#### Record excerpts
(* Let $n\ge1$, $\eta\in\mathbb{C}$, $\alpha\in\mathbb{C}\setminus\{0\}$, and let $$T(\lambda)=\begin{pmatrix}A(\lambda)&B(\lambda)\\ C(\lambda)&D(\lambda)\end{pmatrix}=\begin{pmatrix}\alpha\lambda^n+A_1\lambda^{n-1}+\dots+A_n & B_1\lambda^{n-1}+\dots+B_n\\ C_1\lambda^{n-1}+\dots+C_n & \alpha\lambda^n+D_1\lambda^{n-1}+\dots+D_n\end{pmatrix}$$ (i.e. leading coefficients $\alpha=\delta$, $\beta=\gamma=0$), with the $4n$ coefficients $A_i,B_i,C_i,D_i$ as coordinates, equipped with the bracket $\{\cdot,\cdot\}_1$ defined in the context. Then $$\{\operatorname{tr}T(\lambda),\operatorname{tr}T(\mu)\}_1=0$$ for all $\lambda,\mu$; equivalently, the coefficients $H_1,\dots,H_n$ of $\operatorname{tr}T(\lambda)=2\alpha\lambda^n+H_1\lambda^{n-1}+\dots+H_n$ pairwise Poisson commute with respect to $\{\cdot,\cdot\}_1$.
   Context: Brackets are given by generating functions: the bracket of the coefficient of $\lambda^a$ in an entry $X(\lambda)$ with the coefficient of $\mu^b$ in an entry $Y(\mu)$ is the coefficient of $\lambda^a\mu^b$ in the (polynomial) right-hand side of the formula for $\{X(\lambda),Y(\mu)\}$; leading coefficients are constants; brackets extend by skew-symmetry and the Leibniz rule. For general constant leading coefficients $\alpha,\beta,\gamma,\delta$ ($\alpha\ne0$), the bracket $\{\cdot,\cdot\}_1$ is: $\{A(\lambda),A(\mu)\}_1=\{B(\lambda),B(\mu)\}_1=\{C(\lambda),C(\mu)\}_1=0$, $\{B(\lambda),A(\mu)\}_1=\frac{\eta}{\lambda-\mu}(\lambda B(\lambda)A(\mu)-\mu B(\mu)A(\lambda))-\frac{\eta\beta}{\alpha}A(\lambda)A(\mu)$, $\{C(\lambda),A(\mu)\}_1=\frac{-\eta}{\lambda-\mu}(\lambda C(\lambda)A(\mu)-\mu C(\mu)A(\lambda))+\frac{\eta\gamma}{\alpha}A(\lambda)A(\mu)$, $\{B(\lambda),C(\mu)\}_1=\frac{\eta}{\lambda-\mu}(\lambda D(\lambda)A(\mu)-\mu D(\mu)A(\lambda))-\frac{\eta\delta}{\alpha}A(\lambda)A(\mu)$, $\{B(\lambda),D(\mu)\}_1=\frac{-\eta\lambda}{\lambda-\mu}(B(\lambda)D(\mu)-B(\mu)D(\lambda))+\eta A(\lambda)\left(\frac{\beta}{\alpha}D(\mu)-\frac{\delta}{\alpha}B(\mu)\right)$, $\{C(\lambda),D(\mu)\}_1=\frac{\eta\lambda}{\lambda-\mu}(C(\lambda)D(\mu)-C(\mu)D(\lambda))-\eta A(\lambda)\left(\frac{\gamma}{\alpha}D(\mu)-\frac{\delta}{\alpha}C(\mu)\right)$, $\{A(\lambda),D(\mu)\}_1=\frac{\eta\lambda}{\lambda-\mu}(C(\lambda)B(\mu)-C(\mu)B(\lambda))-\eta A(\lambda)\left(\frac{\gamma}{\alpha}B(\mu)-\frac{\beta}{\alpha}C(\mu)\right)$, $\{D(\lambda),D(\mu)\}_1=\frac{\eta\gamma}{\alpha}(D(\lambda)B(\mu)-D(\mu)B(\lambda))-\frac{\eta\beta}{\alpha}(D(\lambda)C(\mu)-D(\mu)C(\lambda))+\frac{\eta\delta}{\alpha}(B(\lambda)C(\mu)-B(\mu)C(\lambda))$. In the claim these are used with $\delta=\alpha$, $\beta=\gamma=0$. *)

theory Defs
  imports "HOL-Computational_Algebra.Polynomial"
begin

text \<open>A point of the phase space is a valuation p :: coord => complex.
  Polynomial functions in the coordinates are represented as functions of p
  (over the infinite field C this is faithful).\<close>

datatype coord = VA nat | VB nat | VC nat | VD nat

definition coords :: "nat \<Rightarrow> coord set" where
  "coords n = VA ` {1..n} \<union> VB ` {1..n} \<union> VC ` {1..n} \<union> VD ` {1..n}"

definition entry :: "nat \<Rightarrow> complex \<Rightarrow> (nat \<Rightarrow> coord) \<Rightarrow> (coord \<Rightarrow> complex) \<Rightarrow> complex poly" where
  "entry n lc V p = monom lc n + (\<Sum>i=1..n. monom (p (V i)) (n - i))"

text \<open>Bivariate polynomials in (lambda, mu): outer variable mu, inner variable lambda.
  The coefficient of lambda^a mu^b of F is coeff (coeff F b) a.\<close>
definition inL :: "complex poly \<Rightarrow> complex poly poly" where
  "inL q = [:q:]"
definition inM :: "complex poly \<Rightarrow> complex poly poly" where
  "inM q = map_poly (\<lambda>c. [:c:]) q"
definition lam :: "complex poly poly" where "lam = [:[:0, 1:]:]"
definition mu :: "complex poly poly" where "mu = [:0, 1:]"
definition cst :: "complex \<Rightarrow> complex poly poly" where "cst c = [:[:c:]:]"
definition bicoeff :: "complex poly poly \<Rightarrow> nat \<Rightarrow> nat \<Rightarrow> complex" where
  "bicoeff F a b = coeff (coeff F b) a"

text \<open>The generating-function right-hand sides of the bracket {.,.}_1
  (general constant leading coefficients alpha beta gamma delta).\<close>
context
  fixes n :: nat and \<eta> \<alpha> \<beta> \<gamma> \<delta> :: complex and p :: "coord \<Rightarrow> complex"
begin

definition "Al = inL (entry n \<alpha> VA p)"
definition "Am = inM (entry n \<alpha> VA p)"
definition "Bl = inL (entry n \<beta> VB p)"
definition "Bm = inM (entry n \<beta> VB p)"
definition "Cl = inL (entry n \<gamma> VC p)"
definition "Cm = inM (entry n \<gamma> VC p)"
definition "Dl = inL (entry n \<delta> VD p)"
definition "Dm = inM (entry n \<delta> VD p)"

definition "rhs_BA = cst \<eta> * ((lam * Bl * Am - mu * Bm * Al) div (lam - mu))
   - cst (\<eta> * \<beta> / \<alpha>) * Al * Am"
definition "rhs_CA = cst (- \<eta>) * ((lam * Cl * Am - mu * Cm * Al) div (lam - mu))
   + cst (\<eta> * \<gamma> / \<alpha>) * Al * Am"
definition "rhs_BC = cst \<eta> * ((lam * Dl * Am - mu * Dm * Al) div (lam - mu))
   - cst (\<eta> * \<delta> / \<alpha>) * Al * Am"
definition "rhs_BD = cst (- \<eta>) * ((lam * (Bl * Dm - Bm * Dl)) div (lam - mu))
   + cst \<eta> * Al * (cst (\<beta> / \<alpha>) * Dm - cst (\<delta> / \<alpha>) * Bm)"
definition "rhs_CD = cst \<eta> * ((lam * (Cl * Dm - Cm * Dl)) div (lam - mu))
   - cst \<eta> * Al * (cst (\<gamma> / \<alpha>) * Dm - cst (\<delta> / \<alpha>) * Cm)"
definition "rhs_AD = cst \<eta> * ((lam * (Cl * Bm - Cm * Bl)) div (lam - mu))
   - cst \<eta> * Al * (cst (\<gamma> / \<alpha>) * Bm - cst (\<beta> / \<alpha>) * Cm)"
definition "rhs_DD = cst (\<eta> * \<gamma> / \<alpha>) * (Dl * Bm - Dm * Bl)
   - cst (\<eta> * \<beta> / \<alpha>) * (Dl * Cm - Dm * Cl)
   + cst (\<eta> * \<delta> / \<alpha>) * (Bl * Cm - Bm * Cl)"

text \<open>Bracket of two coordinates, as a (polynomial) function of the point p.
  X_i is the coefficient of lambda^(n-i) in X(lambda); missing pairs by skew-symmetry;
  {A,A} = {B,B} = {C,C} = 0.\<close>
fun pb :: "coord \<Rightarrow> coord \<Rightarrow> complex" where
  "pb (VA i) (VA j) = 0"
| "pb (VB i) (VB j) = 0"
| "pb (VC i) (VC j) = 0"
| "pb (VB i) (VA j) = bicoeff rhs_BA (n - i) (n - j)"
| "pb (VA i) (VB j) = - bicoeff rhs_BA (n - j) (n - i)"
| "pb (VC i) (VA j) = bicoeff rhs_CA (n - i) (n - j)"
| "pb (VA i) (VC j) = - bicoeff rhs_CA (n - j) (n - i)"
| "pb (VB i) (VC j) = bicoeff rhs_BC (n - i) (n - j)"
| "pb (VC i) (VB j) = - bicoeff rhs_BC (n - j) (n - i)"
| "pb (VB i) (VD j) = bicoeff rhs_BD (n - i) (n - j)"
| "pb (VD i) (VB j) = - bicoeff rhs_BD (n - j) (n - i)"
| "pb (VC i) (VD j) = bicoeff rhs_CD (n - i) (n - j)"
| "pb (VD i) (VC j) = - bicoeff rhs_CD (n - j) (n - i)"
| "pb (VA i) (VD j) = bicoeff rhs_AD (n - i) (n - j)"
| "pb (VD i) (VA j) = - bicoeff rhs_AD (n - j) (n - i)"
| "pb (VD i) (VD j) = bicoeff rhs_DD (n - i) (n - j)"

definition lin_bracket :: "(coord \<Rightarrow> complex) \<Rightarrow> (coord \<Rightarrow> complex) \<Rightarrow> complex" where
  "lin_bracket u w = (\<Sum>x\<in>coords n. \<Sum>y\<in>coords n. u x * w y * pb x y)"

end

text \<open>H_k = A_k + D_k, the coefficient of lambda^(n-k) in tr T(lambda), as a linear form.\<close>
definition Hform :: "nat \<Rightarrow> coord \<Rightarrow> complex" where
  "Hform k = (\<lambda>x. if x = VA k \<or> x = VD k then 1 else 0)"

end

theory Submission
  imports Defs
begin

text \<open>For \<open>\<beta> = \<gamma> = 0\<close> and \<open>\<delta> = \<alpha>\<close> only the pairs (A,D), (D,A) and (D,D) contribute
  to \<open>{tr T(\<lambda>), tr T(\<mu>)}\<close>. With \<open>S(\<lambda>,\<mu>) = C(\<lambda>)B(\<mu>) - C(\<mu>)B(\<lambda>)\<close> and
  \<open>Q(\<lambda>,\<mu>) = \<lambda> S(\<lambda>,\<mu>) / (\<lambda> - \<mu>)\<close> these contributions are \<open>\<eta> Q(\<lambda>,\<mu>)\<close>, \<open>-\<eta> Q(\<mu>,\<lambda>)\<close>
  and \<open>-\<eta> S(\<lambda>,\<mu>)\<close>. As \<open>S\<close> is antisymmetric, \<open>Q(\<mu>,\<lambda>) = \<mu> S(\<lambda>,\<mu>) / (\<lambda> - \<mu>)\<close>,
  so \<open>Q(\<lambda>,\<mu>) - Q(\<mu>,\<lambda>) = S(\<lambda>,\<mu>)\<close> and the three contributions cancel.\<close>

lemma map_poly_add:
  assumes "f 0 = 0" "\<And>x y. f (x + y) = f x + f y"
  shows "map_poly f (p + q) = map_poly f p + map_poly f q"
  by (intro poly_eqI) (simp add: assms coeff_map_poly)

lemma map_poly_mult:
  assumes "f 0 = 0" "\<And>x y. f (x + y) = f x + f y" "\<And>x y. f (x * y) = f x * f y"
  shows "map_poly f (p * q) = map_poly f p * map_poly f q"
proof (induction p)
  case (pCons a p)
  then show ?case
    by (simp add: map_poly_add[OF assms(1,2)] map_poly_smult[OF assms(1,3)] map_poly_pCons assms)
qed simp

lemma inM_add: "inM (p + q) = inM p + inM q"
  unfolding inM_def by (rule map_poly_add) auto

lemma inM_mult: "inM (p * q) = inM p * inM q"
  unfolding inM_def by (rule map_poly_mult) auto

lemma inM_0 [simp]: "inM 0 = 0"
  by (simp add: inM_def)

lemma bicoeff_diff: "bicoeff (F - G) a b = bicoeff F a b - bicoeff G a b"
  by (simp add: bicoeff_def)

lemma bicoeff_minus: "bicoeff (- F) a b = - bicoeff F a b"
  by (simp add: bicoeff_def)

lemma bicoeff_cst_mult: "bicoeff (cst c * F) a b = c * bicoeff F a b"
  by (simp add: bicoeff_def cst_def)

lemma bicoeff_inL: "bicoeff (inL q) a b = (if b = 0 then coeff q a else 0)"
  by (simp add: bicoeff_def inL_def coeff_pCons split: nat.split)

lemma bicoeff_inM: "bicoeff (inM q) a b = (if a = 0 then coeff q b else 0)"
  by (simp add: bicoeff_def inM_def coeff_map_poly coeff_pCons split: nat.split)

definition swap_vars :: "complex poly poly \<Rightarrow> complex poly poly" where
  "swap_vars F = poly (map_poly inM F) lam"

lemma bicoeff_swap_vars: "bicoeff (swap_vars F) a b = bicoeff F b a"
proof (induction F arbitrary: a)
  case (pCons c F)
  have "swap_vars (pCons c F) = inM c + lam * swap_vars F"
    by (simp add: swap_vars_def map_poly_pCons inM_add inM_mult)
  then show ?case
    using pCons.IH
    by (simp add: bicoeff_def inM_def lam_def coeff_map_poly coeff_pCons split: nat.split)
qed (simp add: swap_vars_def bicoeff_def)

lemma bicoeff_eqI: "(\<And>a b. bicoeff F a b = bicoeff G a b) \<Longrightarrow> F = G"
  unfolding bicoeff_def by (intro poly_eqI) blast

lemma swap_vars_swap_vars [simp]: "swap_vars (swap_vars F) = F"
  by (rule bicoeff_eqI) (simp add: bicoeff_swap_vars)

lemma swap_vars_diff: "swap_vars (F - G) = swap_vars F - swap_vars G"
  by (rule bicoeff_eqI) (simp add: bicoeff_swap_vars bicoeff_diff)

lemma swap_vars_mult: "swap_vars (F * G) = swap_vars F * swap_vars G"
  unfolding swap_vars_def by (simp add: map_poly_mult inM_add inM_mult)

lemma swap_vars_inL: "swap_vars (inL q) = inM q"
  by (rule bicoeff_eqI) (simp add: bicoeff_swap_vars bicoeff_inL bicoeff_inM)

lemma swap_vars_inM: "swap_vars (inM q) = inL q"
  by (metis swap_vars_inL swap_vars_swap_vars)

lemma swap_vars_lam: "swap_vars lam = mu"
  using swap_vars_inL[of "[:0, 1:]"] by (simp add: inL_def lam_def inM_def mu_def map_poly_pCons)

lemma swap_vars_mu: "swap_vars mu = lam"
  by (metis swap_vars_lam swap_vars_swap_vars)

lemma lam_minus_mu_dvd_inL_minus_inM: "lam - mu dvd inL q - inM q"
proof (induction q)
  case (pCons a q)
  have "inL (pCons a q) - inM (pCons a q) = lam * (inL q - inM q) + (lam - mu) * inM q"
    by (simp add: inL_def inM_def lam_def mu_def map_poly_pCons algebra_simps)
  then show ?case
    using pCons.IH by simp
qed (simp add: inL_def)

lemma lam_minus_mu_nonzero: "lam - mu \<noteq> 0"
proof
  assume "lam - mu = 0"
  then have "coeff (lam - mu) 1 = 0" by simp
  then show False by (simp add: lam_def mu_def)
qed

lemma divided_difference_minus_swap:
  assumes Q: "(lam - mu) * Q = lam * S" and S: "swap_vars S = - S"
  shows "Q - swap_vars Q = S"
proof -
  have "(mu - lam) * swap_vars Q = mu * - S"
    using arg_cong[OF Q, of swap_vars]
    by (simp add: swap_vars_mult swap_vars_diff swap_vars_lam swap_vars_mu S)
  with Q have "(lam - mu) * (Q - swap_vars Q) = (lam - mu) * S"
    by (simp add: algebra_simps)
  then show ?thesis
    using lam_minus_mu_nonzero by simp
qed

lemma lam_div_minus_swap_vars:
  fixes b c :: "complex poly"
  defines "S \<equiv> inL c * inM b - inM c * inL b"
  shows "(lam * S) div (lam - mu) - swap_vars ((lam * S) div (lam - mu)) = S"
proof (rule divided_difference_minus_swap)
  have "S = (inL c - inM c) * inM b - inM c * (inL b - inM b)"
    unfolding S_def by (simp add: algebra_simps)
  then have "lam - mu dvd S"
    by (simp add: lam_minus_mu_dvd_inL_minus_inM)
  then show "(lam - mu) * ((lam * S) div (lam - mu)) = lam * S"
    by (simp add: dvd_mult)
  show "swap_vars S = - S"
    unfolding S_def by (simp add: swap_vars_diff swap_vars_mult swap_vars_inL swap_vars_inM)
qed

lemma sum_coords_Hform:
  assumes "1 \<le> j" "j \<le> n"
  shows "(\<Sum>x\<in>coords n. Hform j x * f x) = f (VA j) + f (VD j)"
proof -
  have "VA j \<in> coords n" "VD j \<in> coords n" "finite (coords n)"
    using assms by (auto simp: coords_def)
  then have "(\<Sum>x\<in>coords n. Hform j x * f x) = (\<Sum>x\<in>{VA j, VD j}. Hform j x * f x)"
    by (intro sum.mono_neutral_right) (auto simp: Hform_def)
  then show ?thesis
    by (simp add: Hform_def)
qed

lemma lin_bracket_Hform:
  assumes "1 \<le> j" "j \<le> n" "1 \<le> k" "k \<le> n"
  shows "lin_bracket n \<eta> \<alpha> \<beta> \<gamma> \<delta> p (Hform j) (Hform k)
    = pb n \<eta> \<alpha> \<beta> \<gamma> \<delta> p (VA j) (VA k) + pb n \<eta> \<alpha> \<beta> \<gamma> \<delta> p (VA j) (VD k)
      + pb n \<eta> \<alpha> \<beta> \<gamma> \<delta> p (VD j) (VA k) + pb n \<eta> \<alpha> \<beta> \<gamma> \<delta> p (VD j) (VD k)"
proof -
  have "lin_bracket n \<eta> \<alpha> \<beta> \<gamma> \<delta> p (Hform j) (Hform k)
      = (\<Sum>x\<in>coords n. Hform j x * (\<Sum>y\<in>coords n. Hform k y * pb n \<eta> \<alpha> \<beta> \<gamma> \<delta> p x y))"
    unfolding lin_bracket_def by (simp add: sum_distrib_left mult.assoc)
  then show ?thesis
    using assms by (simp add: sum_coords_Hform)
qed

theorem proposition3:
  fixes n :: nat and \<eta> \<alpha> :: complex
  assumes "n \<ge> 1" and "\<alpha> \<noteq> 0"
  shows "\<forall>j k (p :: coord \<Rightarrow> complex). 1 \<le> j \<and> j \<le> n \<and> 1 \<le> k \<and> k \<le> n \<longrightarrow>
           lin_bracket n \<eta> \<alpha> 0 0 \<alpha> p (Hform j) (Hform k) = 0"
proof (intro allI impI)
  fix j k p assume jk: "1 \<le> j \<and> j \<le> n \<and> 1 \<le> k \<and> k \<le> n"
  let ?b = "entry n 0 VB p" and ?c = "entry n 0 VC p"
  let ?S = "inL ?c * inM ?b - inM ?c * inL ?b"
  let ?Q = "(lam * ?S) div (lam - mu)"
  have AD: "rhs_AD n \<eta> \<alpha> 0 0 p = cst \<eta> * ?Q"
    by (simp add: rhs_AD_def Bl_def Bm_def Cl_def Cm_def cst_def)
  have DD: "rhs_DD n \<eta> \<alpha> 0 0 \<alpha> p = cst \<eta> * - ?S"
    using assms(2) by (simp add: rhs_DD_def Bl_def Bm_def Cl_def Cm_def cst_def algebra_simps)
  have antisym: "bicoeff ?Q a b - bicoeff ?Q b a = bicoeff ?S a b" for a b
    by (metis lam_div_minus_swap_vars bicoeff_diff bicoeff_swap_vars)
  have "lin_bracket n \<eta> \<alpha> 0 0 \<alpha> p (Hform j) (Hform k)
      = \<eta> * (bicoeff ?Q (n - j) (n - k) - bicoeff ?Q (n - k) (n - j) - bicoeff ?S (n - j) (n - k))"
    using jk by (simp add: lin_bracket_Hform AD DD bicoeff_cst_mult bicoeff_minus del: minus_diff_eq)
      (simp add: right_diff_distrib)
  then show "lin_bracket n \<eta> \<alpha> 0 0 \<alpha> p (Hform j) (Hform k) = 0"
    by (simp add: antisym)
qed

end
########
*Exercise details*. Every line of the listing above that contains "where" is to be copied.

*Answer to the exercise*.
definition coords :: "nat \<Rightarrow> coord set" where
definition entry :: "nat \<Rightarrow> complex \<Rightarrow> (nat \<Rightarrow> coord) \<Rightarrow> (coord \<Rightarrow> complex) \<Rightarrow> complex poly" where
definition inL :: "complex poly \<Rightarrow> complex poly poly" where
definition inM :: "complex poly \<Rightarrow> complex poly poly" where
definition lam :: "complex poly poly" where "lam = [:[:0, 1:]:]"
definition mu :: "complex poly poly" where "mu = [:0, 1:]"
definition cst :: "complex \<Rightarrow> complex poly poly" where "cst c = [:[:c:]:]"
definition bicoeff :: "complex poly poly \<Rightarrow> nat \<Rightarrow> nat \<Rightarrow> complex" where
fun pb :: "coord \<Rightarrow> coord \<Rightarrow> complex" where
definition lin_bracket :: "(coord \<Rightarrow> complex) \<Rightarrow> (coord \<Rightarrow> complex) \<Rightarrow> complex" where
definition Hform :: "nat \<Rightarrow> coord \<Rightarrow> complex" where
definition swap_vars :: "complex poly poly \<Rightarrow> complex poly poly" where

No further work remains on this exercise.